TASK STATEMENT - Filter the records down to the lines that hold the word "quals", and copy each of those lines.

*** Opening of EXCERPTED DATA ***

lemma post_val_mem:
  assumes "0 < \<pi>" "\<pi> < 1" "0 \<le> q" "q \<le> 1" "vL \<le> vH"
  shows "post_val_h vH vL \<pi> q \<in> {vL..vH}" "post_val_l vH vL \<pi> q \<in> {vL..vH}"
proof -
  note pos = signal_probs_pos[OF assms(1-4)]
  note prod = prob_times_post_val[OF assms(1-4), of vH vL]
  have "\<pi> * q * vL \<le> \<pi> * q * vH" "(1 - \<pi>) * (1 - q) * vL \<le> (1 - \<pi>) * (1 - q) * vH"
       "\<pi> * (1 - q) * vL \<le> \<pi> * (1 - q) * vH" "(1 - \<pi>) * q * vL \<le> (1 - \<pi>) * q * vH"
    using assms by (simp_all add: mult_left_mono)
  moreover have scale: "prob_h \<pi> q * v = \<pi> * q * v + (1 - \<pi>) * (1 - q) * v"
                       "prob_l \<pi> q * v = \<pi> * (1 - q) * v + (1 - \<pi>) * q * v" for v
    by (simp_all add: prob_h_def prob_l_def distrib_right)
  ultimately have "prob_h \<pi> q * vL \<le> prob_h \<pi> q * post_val_h vH vL \<pi> q"
        "prob_h \<pi> q * post_val_h vH vL \<pi> q \<le> prob_h \<pi> q * vH"
        "prob_l \<pi> q * vL \<le> prob_l \<pi> q * post_val_l vH vL \<pi> q"
        "prob_l \<pi> q * post_val_l vH vL \<pi> q \<le> prob_l \<pi> q * vH"
    unfolding prod scale[of vL] scale[of vH] by linarith+
  thus "post_val_h vH vL \<pi> q \<in> {vL..vH}" "post_val_l vH vL \<pi> q \<in> {vL..vH}"
    using pos by simp_all
qed

text \<open>A signal of quality q2 = (1 - e) q1 + e (1 - q1) is obtained from one of quality q1
  by flipping the realisation with probability e.\<close>

lemma garbled_signal:
  assumes "0 < \<pi>" "\<pi> < 1" "0 \<le> q1" "q1 \<le> 1" "0 \<le> e" "e \<le> 1"
    and q2: "q2 = (1 - e) * q1 + e * (1 - q1)"
  shows "prob_h \<pi> q2 = (1 - e) * prob_h \<pi> q1 + e * prob_l \<pi> q1"
    and "prob_l \<pi> q2 = e * prob_h \<pi> q1 + (1 - e) * prob_l \<pi> q1"
    and "prob_h \<pi> q2 * post_val_h vH vL \<pi> q2
           = (1 - e) * (prob_h \<pi> q1 * post_val_h vH vL \<pi> q1) + e * (prob_l \<pi> q1 * post_val_l vH vL \<pi> q1)"
    and "prob_l \<pi> q2 * post_val_l vH vL \<pi> q2
           = e * (prob_h \<pi> q1 * post_val_h vH vL \<pi> q1) + (1 - e) * (prob_l \<pi> q1 * post_val_l vH vL \<pi> q1)"
proof -
  have "0 \<le> q2" "q2 \<le> 1"
    using assms convex_bound_le[of q1 1 "1 - q1" "1 - e" e] by (auto intro!: add_nonneg_nonneg)
  note post1 = prob_times_post_val[OF assms(1-4), of vH vL]
    and post2 = prob_times_post_val[OF assms(1,2) \<open>0 \<le> q2\<close> \<open>q2 \<le> 1\<close>, of vH vL]
  show "prob_h \<pi> q2 = (1 - e) * prob_h \<pi> q1 + e * prob_l \<pi> q1"
       "prob_l \<pi> q2 = e * prob_h \<pi> q1 + (1 - e) * prob_l \<pi> q1"
    unfolding prob_h_def prob_l_def q2 by (simp_all add: algebra_simps)
  show "prob_h \<pi> q2 * post_val_h vH vL \<pi> q2
           = (1 - e) * (prob_h \<pi> q1 * post_val_h vH vL \<pi> q1) + e * (prob_l \<pi> q1 * post_val_l vH vL \<pi> q1)"
       "prob_l \<pi> q2 * post_val_l vH vL \<pi> q2
           = e * (prob_h \<pi> q1 * post_val_h vH vL \<pi> q1) + (1 - e) * (prob_l \<pi> q1 * post_val_l vH vL \<pi> q1)"
    unfolding post1 post2 by (simp_all add: q2 algebra_simps)
qed

lemma quality_garbling:
  fixes q1 q2 :: real
  assumes "1/2 \<le> q2" "q2 < q1"
  shows "\<exists>e. 0 \<le> e \<and> e \<le> 1 \<and> q2 = (1 - e) * q1 + e * (1 - q1)"
proof (intro exI conjI)
  let ?e = "(q1 - q2) / (2 * q1 - 1)"
  have pos: "0 < 2 * q1 - 1" using assms by simp
  have affine: "(1 - e) * q1 + e * (1 - q1) = q1 - e * (2 * q1 - 1)" for e :: real
    by (simp add: algebra_simps)
  have "(1 - ?e) * q1 + ?e * (1 - q1) = q1 - ?e * (2 * q1 - 1)" by (rule affine)
  also have "\<dots> = q2" using pos by simp
  finally show "q2 = (1 - ?e) * q1 + ?e * (1 - q1)" by simp
  show "0 \<le> ?e" "?e \<le> 1" using assms pos by simp_all
qed

lemma signal_value_gain_le_second_moment_gain:
  fixes f :: "real \<Rightarrow> real"
  assumes f_meas: "f \<in> borel_measurable lborel"
    and f_nonneg: "\<And>p. f p \<ge> 0" and f_supp: "\<And>p. p < 0 \<Longrightarrow> f p = 0"
    and f_int: "integrable lborel f"
    and bd: "\<And>p. p \<in> {vL..vH} \<Longrightarrow> f p \<le> M"
    and vals: "vL \<le> vH" and prior: "0 < \<pi>" "\<pi> < 1"
    and quals: "1/2 \<le> q2" "q2 < q1" "q1 \<le> 1"
  shows "signal_value f vH vL \<pi> q1 - signal_value f vH vL \<pi> q2
           \<le> M / 2 * (posterior_second_moment vH vL \<pi> q1 - posterior_second_moment vH vL \<pi> q2)"
proof -
  have quad: "payoff f x x \<le> payoff f y y + win_prob f y * (x - y) + M / 2 * (x - y)^2"
    if "x \<in> {vL..vH}" "y \<in> {vL..vH}" for x y
    by (rule payoff_quadratic_upper_bound[OF f_meas f_nonneg f_supp f_int bd]) (use that in auto)
  obtain e where e: "0 \<le> e" "e \<le> 1" and q2: "q2 = (1 - e) * q1 + e * (1 - q1)"
    using quality_garbling[OF quals(1,2)] by blast
  have q_range: "0 \<le> q1" "0 \<le> q2" "q2 \<le> 1" using quals by simp_all
  note garbled = garbled_signal[OF prior q_range(1) quals(3) e q2]
  let ?x1 = "post_val_h vH vL \<pi> q1" and ?x2 = "post_val_l vH vL \<pi> q1"
    and ?y1 = "post_val_h vH vL \<pi> q2" and ?y2 = "post_val_l vH vL \<pi> q2"
  have mem: "?x1 \<in> {vL..vH}" "?x2 \<in> {vL..vH}" "?y1 \<in> {vL..vH}" "?y2 \<in> {vL..vH}"
    using post_val_mem[OF prior _ _ vals] q_range quals by simp_all
  have weights: "0 \<le> prob_h \<pi> q1 * (1 - e)" "0 \<le> prob_h \<pi> q1 * e"
                "0 \<le> prob_l \<pi> q1 * e" "0 \<le> prob_l \<pi> q1 * (1 - e)"
    using signal_probs_pos[OF prior q_range(1) quals(3)] e by simp_all
  have rows: "prob_h \<pi> q1 * (1 - e) + prob_h \<pi> q1 * e = prob_h \<pi> q1"
             "prob_l \<pi> q1 * e + prob_l \<pi> q1 * (1 - e) = prob_l \<pi> q1"
    by (simp_all add: algebra_simps)
  have cols: "prob_h \<pi> q1 * (1 - e) + prob_l \<pi> q1 * e = prob_h \<pi> q2"
             "prob_h \<pi> q1 * e + prob_l \<pi> q1 * (1 - e) = prob_l \<pi> q2"
    using garbled(1,2) by (simp_all add: algebra_simps)
  have means: "prob_h \<pi> q1 * (1 - e) * ?x1 + prob_l \<pi> q1 * e * ?x2 = prob_h \<pi> q2 * ?y1"
              "prob_h \<pi> q1 * e * ?x1 + prob_l \<pi> q1 * (1 - e) * ?x2 = prob_l \<pi> q2 * ?y2"
    using garbled(3,4)[of vH vL] by (simp_all add: algebra_simps)
  have "prob_h \<pi> q1 * payoff f ?x1 ?x1 + prob_l \<pi> q1 * payoff f ?x2 ?x2
          - prob_h \<pi> q2 * payoff f ?y1 ?y1 - prob_l \<pi> q2 * payoff f ?y2 ?y2
        \<le> M / 2 * (prob_h \<pi> q1 * ?x1^2 + prob_l \<pi> q1 * ?x2^2
                     - prob_h \<pi> q2 * ?y1^2 - prob_l \<pi> q2 * ?y2^2)"
    by (rule garbling_quadratic_bound[where G = "\<lambda>v. payoff f v v", OF quad mem weights rows cols means])
  thus ?thesis unfolding signal_value_def posterior_second_moment_def by (simp add: diff_diff_eq)
qed

lemma prob_product:
  "prob_h \<pi> q * prob_l \<pi> q = \<pi> * (1 - \<pi>) + (2 * \<pi> - 1)^2 / 4 * (1 - (2 * q - 1)^2)"
  unfolding prob_h_def prob_l_def by (simp add: field_simps power2_eq_square)

text \<open>Closed form of the posterior second moment: the squared prior mean plus the
  variance of the posterior mean.\<close>

lemma posterior_second_moment_closed_form:
  assumes "0 < \<pi>" "\<pi> < 1" "0 \<le> q" "q \<le> 1"
  shows "posterior_second_moment vH vL \<pi> q
           = (prior_val vH vL \<pi>)^2
             + (vH - vL)^2 * (\<pi>^2 * (1 - \<pi>)^2 * (2 * q - 1)^2 / (prob_h \<pi> q * prob_l \<pi> q))"
proof -
  define ph pl where "ph = prob_h \<pi> q" and "pl = prob_l \<pi> q"
  define A B where "A = \<pi> * q * vH + (1 - \<pi>) * (1 - q) * vL"
    and "B = \<pi> * (1 - q) * vH + (1 - \<pi>) * q * vL"
  have pos: "0 < ph" "0 < pl" unfolding ph_def pl_def using signal_probs_pos[OF assms] by simp_all
  have "post_val_h vH vL \<pi> q = A / ph" "post_val_l vH vL \<pi> q = B / pl"
    using prob_times_post_val[OF assms, of vH vL] pos
    unfolding A_def B_def ph_def pl_def by (simp_all add: field_simps)
  hence "posterior_second_moment vH vL \<pi> q = ph * (A / ph)^2 + pl * (B / pl)^2"
    unfolding posterior_second_moment_def ph_def pl_def by simp
  also have "\<dots> = (A^2 * pl + B^2 * ph) / (ph * pl)"
    using pos by (simp add: field_simps power2_eq_square)
  also have "A^2 * pl + B^2 * ph
      = (prior_val vH vL \<pi>)^2 * (ph * pl) + (vH - vL)^2 * \<pi>^2 * (1 - \<pi>)^2 * (2 * q - 1)^2"
    unfolding A_def B_def ph_def pl_def prob_h_def prob_l_def prior_val_def by algebra
  finally show ?thesis using pos by (simp add: field_simps ph_def pl_def)
qed

lemma precision_gain_bound:
  fixes a d1 d2 :: real
  assumes a: "0 < a" "a < 1" and d: "0 \<le> d2" "d2 \<le> d1" "d1 \<le> 1"
  defines "P d \<equiv> a * (1 - a) + (2 * a - 1)^2 / 4 * (1 - d^2)"
  shows "a^2 * (1 - a)^2 * (d1^2 / P d1 - d2^2 / P d2) \<le> (d1^2 - d2^2) / 4"
proof -
  have var_pos: "0 < a * (1 - a)" using a by simp
  have P_ge: "a * (1 - a) \<le> P d" if "0 \<le> d" "d \<le> 1" for d
    using that unfolding P_def by (simp add: power_le_one)
  have P_pos: "0 < P d1" "0 < P d2" using P_ge var_pos d by (meson order.trans less_le_trans)+
  have gain_nonneg: "0 \<le> d1^2 - d2^2" using d by (simp add: power_mono)
  have "d1^2 / P d1 - d2^2 / P d2 = (d1^2 * P d2 - d2^2 * P d1) / (P d1 * P d2)"
    using P_pos by (simp add: field_simps)
  also have "d1^2 * P d2 - d2^2 * P d1 = (d1^2 - d2^2) / 4"
    unfolding P_def by (simp add: field_simps power2_eq_square)
  finally have ratio: "d1^2 / P d1 - d2^2 / P d2 = (d1^2 - d2^2) / 4 / (P d1 * P d2)" .
  have "a^2 * (1 - a)^2 = (a * (1 - a)) * (a * (1 - a))" by (simp add: power2_eq_square)
  also have "\<dots> \<le> P d1 * P d2" using P_ge P_pos d var_pos by (intro mult_mono) auto
  finally have "a^2 * (1 - a)^2 / (P d1 * P d2) \<le> 1" using P_pos by simp
  hence "a^2 * (1 - a)^2 / (P d1 * P d2) * ((d1^2 - d2^2) / 4) \<le> 1 * ((d1^2 - d2^2) / 4)"
    using gain_nonneg by (intro mult_right_mono) auto
  thus ?thesis unfolding ratio by simp
qed

lemma second_moment_gain_bound:
  assumes "0 < \<pi>" "\<pi> < 1" "1/2 \<le> q2" "q2 \<le> q1" "q1 \<le> 1"
  shows "posterior_second_moment vH vL \<pi> q1 - posterior_second_moment vH vL \<pi> q2
           \<le> (vH - vL)^2 * (((2 * q1 - 1)^2 - (2 * q2 - 1)^2) / 4)"
proof -
  have "\<pi>^2 * (1 - \<pi>)^2 * ((2 * q1 - 1)^2 / (prob_h \<pi> q1 * prob_l \<pi> q1)
                            - (2 * q2 - 1)^2 / (prob_h \<pi> q2 * prob_l \<pi> q2))
        \<le> ((2 * q1 - 1)^2 - (2 * q2 - 1)^2) / 4"
    unfolding prob_product using assms by (intro precision_gain_bound) auto
  hence "(vH - vL)^2 * (\<pi>^2 * (1 - \<pi>)^2 * ((2 * q1 - 1)^2 / (prob_h \<pi> q1 * prob_l \<pi> q1)
                            - (2 * q2 - 1)^2 / (prob_h \<pi> q2 * prob_l \<pi> q2)))
        \<le> (vH - vL)^2 * (((2 * q1 - 1)^2 - (2 * q2 - 1)^2) / 4)"
    by (rule mult_left_mono) simp
  thus ?thesis using assms
    by (simp add: posterior_second_moment_closed_form right_diff_distrib diff_divide_distrib)
qed

text \<open>Comparison with the polynomial of the theorem; the difference is a nonnegative
  multiple of (2 q1 - 1)^3 - (2 q2 - 1)^3.\<close>

lemma quality_polynomial_bound:
  fixes q1 q2 :: real
  assumes "1/2 \<le> q2" "q2 \<le> q1"
  shows "((2 * q1 - 1)^2 - (2 * q2 - 1)^2) / 8 \<le> 2/3 * (q1^3 - q2^3) - 1/2 * (q1^2 - q2^2)"
proof -
  have "(2 * q2 - 1)^3 \<le> (2 * q1 - 1)^3" using assms by (intro power_mono) auto
  moreover have "2/3 * (q1^3 - q2^3) - 1/2 * (q1^2 - q2^2)
      = ((2 * q1 - 1)^3 - (2 * q2 - 1)^3) / 12 + ((2 * q1 - 1)^2 - (2 * q2 - 1)^2) / 8"
    by (simp add: field_simps power2_eq_square power3_eq_cube)
  ultimately show ?thesis by simp
qed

*** Close of EXCERPTED DATA ***

OUTPUT BELOW -
    and quals: "1/2 \<le> q2" "q2 < q1" "q1 \<le> 1"
    using quality_garbling[OF quals(1,2)] by blast
  have q_range: "0 \<le> q1" "0 \<le> q2" "q2 \<le> 1" using quals by simp_all
  note garbled = garbled_signal[OF prior q_range(1) quals(3) e q2]
    using post_val_mem[OF prior _ _ vals] q_range quals by simp_all
    using signal_probs_pos[OF prior q_range(1) quals(3)] e by simp_all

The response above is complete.